MDL-56129 core: Set a timeout on the session cookie

This is primarily because iOS has changed something under the hood which means that only session cookies which have an expiry are passed around the OS. In order to make media playable outside of the browser (e.g. a video), we must set a session cookie timeout. Since the session timeout is configurable, this patch sets the cookie timeout to the session timeout plus a period of one week. This ensures that videos continue to work, and that the expired session message is shown on the login page, but without requiring excessively long session times.
moodle · Oct 24, 2016 · 638b683 · 638b683
1 parent 3d13576
commit 638b683
Showing 1 changed file with 6 additions and 1 deletion.

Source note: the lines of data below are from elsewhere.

(* Let $\Delta$ be a Laplacian admitting spectral decimation with spectral decimation function $R$, normalization constant $c_\Delta=R'(0)>1$, and exceptional (forbidden) set $E$ (see context). Suppose $b$ is a real number dominating all forbidden eigenvalues and $R^{-1}[0,b]\subseteq[0,b]$. Let $\{\phi_j\}_{j=0}^L$ be the partial inverses of $R$, ordered so that $\max\phi_i\le\min\phi_{i+1}$. Assume $\phi_0(b)<b$ and $\phi_0$ is strictly convex. If for some $0\le J<L$ $$M:=\max\phi_J|_{[0,b]}<\min\phi_{J+1}|_{[0,b]}=:m,$$ then there exist gaps in the spectrum of $\Delta$. In fact, there is a bound, independent of $k$, on the number of elements of the spectrum in the intervals $(A_k,B_k)$, $k\ge0$, where $$A_k=c_\Delta^{k}\lim_{n\to\infty}c_\Delta^{n}\phi_0^{(n-1)}(M)=\lim_{n\to\infty}c_\Delta^{n}\phi_0^{(n-k-1)}(M),\qquad B_k=c_\Delta^{k}\lim_{n\to\infty}c_\Delta^{n}\phi_0^{(n-1)}(m)=\lim_{n\to\infty}c_\Delta^{n}\phi_0^{(n-k-1)}(m).$$
   Context: Setting: a self-similar fractal approximated by graphs with discrete Laplacians $\Delta_n$ (matrices $M_n$), where $M_1=\begin{pmatrix}A&B\\C&D\end{pmatrix}$ (block of level-0 vertices first), $S(z)=(1-z)A-B(D-z)^{-1}C=\phi(z)(M_0-R(z))$ with scalar rational functions $\phi$, $R$; $R(0)=0$ and $c_\Delta=R'(0)>1$. The exceptional (forbidden) set is $E=\sigma(D)\cup\{z:\phi(z)=0\}$. The partial inverses $\phi_0,\dots,\phi_L$ of $R$ are its inverse branches, with $\phi_0$ the one having $0$ in its range; $\phi_0^{(n)}$ is the $n$-fold composition and $\phi_w=\phi_{w_n}\circ\cdots\circ\phi_{w_1}$ for a word $w=w_n\dots w_1$. The Laplacian $\Delta u=\lim_n c_\Delta^n\Delta_nu$ admits spectral decimation if all its eigenvalues are of the form $c_\Delta^{i}\lim_{n\to\infty}c_\Delta^{n+j}\phi_0^{(n)}\circ\phi_w(x)$ with $x\in\sigma(\Delta_i)\cup E$, $i\ge0$, $|w|=j$. Gaps in the spectrum means: listing the eigenvalues as $0\le\lambda_1\le\lambda_2\le\cdots$, $\limsup_k\lambda_{k+1}/\lambda_k>1$. *)

theory Defs
  imports "HOL-Analysis.Analysis" "HOL-Computational_Algebra.Polynomial"
begin
lemma card_connected_components_of_Un_connected_le:
  assumes "connectedin T B" "A \<inter> B \<noteq> {}"
    and "finite (connected_components_of (subtopology T A))"
  shows "card (connected_components_of (subtopology T (A \<union> B)))
           \<le> card (connected_components_of (subtopology T A))"
proof -
  let ?Y = "subtopology T (A \<union> B)"
  define g where "g D = connected_component_of_set ?Y (SOME p. p \<in> D)" for D
  obtain q where q: "q \<in> A" "q \<in> B" using assms(2) by blast
  have "connected_components_of ?Y \<subseteq> g ` connected_components_of (subtopology T A)"
  proof
    fix C assume C: "C \<in> connected_components_of ?Y"
    then obtain x where x: "x \<in> A \<union> B" "C = connected_component_of_set ?Y x"
      by (auto simp: connected_components_of_def)
    obtain p where p: "p \<in> A" "C = connected_component_of_set ?Y p"
    proof (cases "x \<in> A")
      case False
      then have "x \<in> B" using x by blast
      moreover have "connectedin ?Y B"
        using assms(1) by (simp add: connectedin_subtopology)
      ultimately have "connected_component_of ?Y x q"
        using q unfolding connected_component_of_def by blast
      then show thesis
        using that[of q] q x by (metis connected_component_of_equiv)
    qed (use x in blast)
    have "p \<in> topspace ?Y"
      using C p(2) nonempty_connected_components_of connected_component_of_eq_empty by metis
    then have pT: "p \<in> topspace T" by simp
    define D where "D = connected_component_of_set (subtopology T A) p"
    have D: "D \<in> connected_components_of (subtopology T A)"
      unfolding D_def connected_component_in_connected_components_of using p pT by simp
    have "p \<in> D" unfolding D_def using p pT by (simp add: connected_component_of_refl)
    then have "(SOME s. s \<in> D) \<in> D" by (rule someI)
    then have "connected_component_of ?Y p (SOME s. s \<in> D)"
      unfolding D_def by (auto elim: connected_component_of_mono)
    then have "g D = C"
      unfolding g_def p(2) by (metis connected_component_of_equiv)
    with D show "C \<in> g ` connected_components_of (subtopology T A)" by blast
  qed
  then show ?thesis
    using assms(3) by (meson card_image_le card_mono finite_imageI le_trans)
qed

diff --git a/lib/classes/session/manager.php b/lib/classes/session/manager.php
@@ -243,7 +243,12 @@ protected static function prepare_cookies() {
 
         // Set configuration.
         session_name($sessionname);
-        session_set_cookie_params(0, $CFG->sessioncookiepath, $CFG->sessioncookiedomain, $cookiesecure, $CFG->cookiehttponly);
+        // The session cookie expiry time cannot be extended so this needs to be set to a reasonable period, longer than
+        // the sessiontimeout.
+        // This ensures that the cookie is unlikely to timeout before the session does.
+        $sessionlifetime = $CFG->sessiontimeout + WEEKSECS;
+        session_set_cookie_params($sessionlifetime, $CFG->sessioncookiepath, $CFG->sessioncookiedomain,
+                $cookiesecure, $CFG->cookiehttponly);
         ini_set('session.use_trans_sid', '0');
         ini_set('session.use_only_cookies', '1');
         ini_set('session.hash_function', '0');        // For now MD5 - we do not have room for sha-1 in sessions table.